## Work task
Could you write out the lines below exactly, beginning with the first and finishing with the one that contains "add: sgn_real_def field_simps)"?
+ + + + + + +
text \<open>The factors depending only on y, together with the normalisation of the inner integral,
  assemble into the univariate weight in y.\<close>

lemma radial_weight_collapse:
  assumes y: "y \<noteq> 0" and yd: "\<bar>\<delta>\<bar> < \<bar>y\<bar>"
  shows "\<bar>y\<bar> * (rho \<delta> k y)^2 * (\<bar>y\<bar> powr (\<beta> + \<gamma>) * (1 + y) * (1 - y^2) powr ((\<alpha> - 1) / 2))
         * ((1 - (\<delta> / y)^2) powr ((\<gamma> + \<beta> + 2) / 2) / (1 + \<delta> / y))
       = bigJ_weight \<alpha> (2 * real k + \<beta> + \<gamma> + 1) ((-1)^k * \<delta>) y"
proof -
  define Q where "Q = y^2 - \<delta>^2"
  define s where "s = \<beta> + \<gamma>"
  define R where "R = (1 + y) * (1 - y^2) powr ((\<alpha> - 1) / 2)"
  define P where "P = Q powr ((2 * real k + s) / 2)"
  have yd0: "y + \<delta> \<noteq> 0" using yd by auto
  have cancel: "A * r * (B * R) * (X / (B * A^2) / D) = r * X * R / (A * D)"
    if "A \<noteq> 0" "B \<noteq> 0" "D \<noteq> 0" for A B D R X r :: real
    using that by (simp add: field_simps power2_eq_square)
  have nz: "\<bar>y\<bar> \<noteq> 0" "\<bar>y\<bar> powr s \<noteq> 0" "1 + \<delta> / y \<noteq> 0" using y yd0 by (simp_all add: field_simps)
  have "\<bar>y\<bar> * (1 + \<delta> / y) = sgn y * (y + \<delta>)" using y by (simp add: sgn_real_def field_simps)
  then have lhs: "\<bar>y\<bar> * (rho \<delta> k y)^2 * (\<bar>y\<bar> powr s * R) * ((1 - (\<delta> / y)^2) powr ((s + 2) / 2) / (1 + \<delta> / y))
      = P * (if even k then Q else (y + \<delta>)^2) * R / (sgn y * (y + \<delta>))"
    unfolding one_minus_square_div_powr[OF yd] cancel[OF nz] rho_square_mult_powr[OF y yd] P_def Q_def
    by simp
  have Q: "Q = (y - \<delta>) * (y + \<delta>)" by (simp add: Q_def power2_eq_square algebra_simps)
  have "sgn y = 1 \<or> sgn y = -1" using y by (simp add: sgn_real_def)
  then have rhs: "P * (if even k then Q else (y + \<delta>)^2) * R / (sgn y * (y + \<delta>))
      = sgn y * (1 + y) * (y - (-1)^k * \<delta>) * (1 - y^2) powr ((\<alpha> - 1) / 2) * P"
    unfolding Q using yd0 by (cases "even k") (auto simp: R_def field_simps power2_eq_square)
  have weight: "bigJ_weight \<alpha> (2 * real k + \<beta> + \<gamma> + 1) ((-1)^k * \<delta>) y
      = sgn y * (1 + y) * (y - (-1)^k * \<delta>) * (1 - y^2) powr ((\<alpha> - 1) / 2) * P"
    unfolding bigJ_weight_def P_def Q_def s_def power2_neg_one_power_mult by (simp add: add_ac)
  have "(\<gamma> + \<beta> + 2) / 2 = (s + 2) / 2" by (simp add: s_def)
  then have "\<bar>y\<bar> * (rho \<delta> k y)^2 * (\<bar>y\<bar> powr (\<beta> + \<gamma>) * (1 + y) * (1 - y^2) powr ((\<alpha> - 1) / 2))
         * ((1 - (\<delta> / y)^2) powr ((\<gamma> + \<beta> + 2) / 2) / (1 + \<delta> / y))
      = \<bar>y\<bar> * (rho \<delta> k y)^2 * (\<bar>y\<bar> powr s * R) * ((1 - (\<delta> / y)^2) powr ((s + 2) / 2) / (1 + \<delta> / y))"
    unfolding s_def[symmetric] R_def by (simp only: mult.assoc)
  then show ?thesis unfolding lhs rhs weight .
qed

lemma set_integral_finite_lborel:
  fixes f :: "real \<Rightarrow> real"
  assumes "finite A"
  shows "(LINT x : A | lborel. f x) = 0"
  unfolding set_lebesgue_integral_def
  by (rule integral_eq_zero_AE)
     (use AE_not_in[OF finite_imp_null_set_lborel[OF assms]] in \<open>eventually_elim, simp\<close>)

lemma inner_integral_bigJ2_interior:
  fixes \<alpha> \<beta> \<gamma> \<delta> y :: real
  assumes "\<beta> > -1" and "\<gamma> > -1" and yd: "\<bar>\<delta>\<bar> < \<bar>y\<bar>"
  shows "(LINT x : domX \<delta> y | lborel. bigJ2 \<alpha> \<beta> \<gamma> \<delta> n k x y * bigJ2 \<alpha> \<beta> \<gamma> \<delta> m l x y * weightW \<alpha> \<beta> \<gamma> \<delta> x y)
       = (if k = l then hnorm k \<gamma> \<beta> * (bigJ (n - k) y \<alpha> (2 * real k + \<beta> + \<gamma> + 1) ((-1)^k * \<delta>)
              * bigJ (m - k) y \<alpha> (2 * real k + \<beta> + \<gamma> + 1) ((-1)^k * \<delta>)
              * bigJ_weight \<alpha> (2 * real k + \<beta> + \<gamma> + 1) ((-1)^k * \<delta>) y) else 0)"
proof -
  have y0: "y \<noteq> 0" using yd by auto
  have c: "\<bar>\<delta> / y\<bar> < 1" using yd y0 by (simp add: abs_divide field_simps)
  define A where "A i j = bigJ (i - j) y \<alpha> (2 * real j + \<beta> + \<gamma> + 1) ((-1)^j * \<delta>) * rho \<delta> j y" for i j
  define W0 where "W0 = \<bar>y\<bar> powr (\<beta> + \<gamma>) * (1 + y) * (1 - y^2) powr ((\<alpha> - 1) / 2)"
  have integrand: "bigJ2 \<alpha> \<beta> \<gamma> \<delta> n k (y * u) y * bigJ2 \<alpha> \<beta> \<gamma> \<delta> m l (y * u) y * weightW \<alpha> \<beta> \<gamma> \<delta> (y * u) y
      = A n k * A m l * W0 * (bigJ k u \<gamma> \<beta> (\<delta> / y) * bigJ l u \<gamma> \<beta> (\<delta> / y) * bigJ_weight \<gamma> \<beta> (\<delta> / y) u)" for u
    unfolding bigJ2_def weightW_scale[OF y0] using y0 by (simp add: A_def W0_def mult_ac)
  have "(LINT x : domX \<delta> y | lborel. bigJ2 \<alpha> \<beta> \<gamma> \<delta> n k x y * bigJ2 \<alpha> \<beta> \<gamma> \<delta> m l x y * weightW \<alpha> \<beta> \<gamma> \<delta> x y)
      = \<bar>y\<bar> * (A n k * A m l * W0) * (if k = l then (1 - (\<delta> / y)^2) powr ((\<gamma> + \<beta> + 2) / 2) / (1 + \<delta> / y) * hnorm k \<gamma> \<beta> else 0)"
    unfolding set_integral_domX_scale[OF y0] integrand set_integral_mult_right bigJ_orthogonality[OF assms(2,1) c]
    by (simp only: mult.assoc)
  also have "\<dots> = (if k = l then hnorm k \<gamma> \<beta> * (bigJ (n - k) y \<alpha> (2 * real k + \<beta> + \<gamma> + 1) ((-1)^k * \<delta>)
              * bigJ (m - k) y \<alpha> (2 * real k + \<beta> + \<gamma> + 1) ((-1)^k * \<delta>)
              * bigJ_weight \<alpha> (2 * real k + \<beta> + \<gamma> + 1) ((-1)^k * \<delta>) y) else 0)"
  proof (cases "k = l")
    case kl: True
    have "\<bar>y\<bar> * (A n k * A m l * W0) * ((1 - (\<delta> / y)^2) powr ((\<gamma> + \<beta> + 2) / 2) / (1 + \<delta> / y) * hnorm k \<gamma> \<beta>)
        = hnorm k \<gamma> \<beta> * (bigJ (n - k) y \<alpha> (2 * real k + \<beta> + \<gamma> + 1) ((-1)^k * \<delta>)
            * bigJ (m - k) y \<alpha> (2 * real k + \<beta> + \<gamma> + 1) ((-1)^k * \<delta>)
            * (\<bar>y\<bar> * (rho \<delta> k y)^2 * W0 * ((1 - (\<delta> / y)^2) powr ((\<gamma> + \<beta> + 2) / 2) / (1 + \<delta> / y))))"
      unfolding A_def kl[symmetric] by (simp add: power2_eq_square mult_ac)
    also have "\<dots> = hnorm k \<gamma> \<beta> * (bigJ (n - k) y \<alpha> (2 * real k + \<beta> + \<gamma> + 1) ((-1)^k * \<delta>)
            * bigJ (m - k) y \<alpha> (2 * real k + \<beta> + \<gamma> + 1) ((-1)^k * \<delta>)
            * bigJ_weight \<alpha> (2 * real k + \<beta> + \<gamma> + 1) ((-1)^k * \<delta>) y)"
      unfolding W0_def radial_weight_collapse[OF y0 yd] ..
    finally show ?thesis using kl by simp
  qed simp
  finally show ?thesis .
qed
+ + + + + + +
## Result for this exercise
text \<open>The factors depending only on y, together with the normalisation of the inner integral,
  assemble into the univariate weight in y.\<close>

lemma radial_weight_collapse:
  assumes y: "y \<noteq> 0" and yd: "\<bar>\<delta>\<bar> < \<bar>y\<bar>"
  shows "\<bar>y\<bar> * (rho \<delta> k y)^2 * (\<bar>y\<bar> powr (\<beta> + \<gamma>) * (1 + y) * (1 - y^2) powr ((\<alpha> - 1) / 2))
         * ((1 - (\<delta> / y)^2) powr ((\<gamma> + \<beta> + 2) / 2) / (1 + \<delta> / y))
       = bigJ_weight \<alpha> (2 * real k + \<beta> + \<gamma> + 1) ((-1)^k * \<delta>) y"
proof -
  define Q where "Q = y^2 - \<delta>^2"
  define s where "s = \<beta> + \<gamma>"
  define R where "R = (1 + y) * (1 - y^2) powr ((\<alpha> - 1) / 2)"
  define P where "P = Q powr ((2 * real k + s) / 2)"
  have yd0: "y + \<delta> \<noteq> 0" using yd by auto
  have cancel: "A * r * (B * R) * (X / (B * A^2) / D) = r * X * R / (A * D)"
    if "A \<noteq> 0" "B \<noteq> 0" "D \<noteq> 0" for A B D R X r :: real
    using that by (simp add: field_simps power2_eq_square)
  have nz: "\<bar>y\<bar> \<noteq> 0" "\<bar>y\<bar> powr s \<noteq> 0" "1 + \<delta> / y \<noteq> 0" using y yd0 by (simp_all add: field_simps)
  have "\<bar>y\<bar> * (1 + \<delta> / y) = sgn y * (y + \<delta>)" using y by (simp add: sgn_real_def field_simps)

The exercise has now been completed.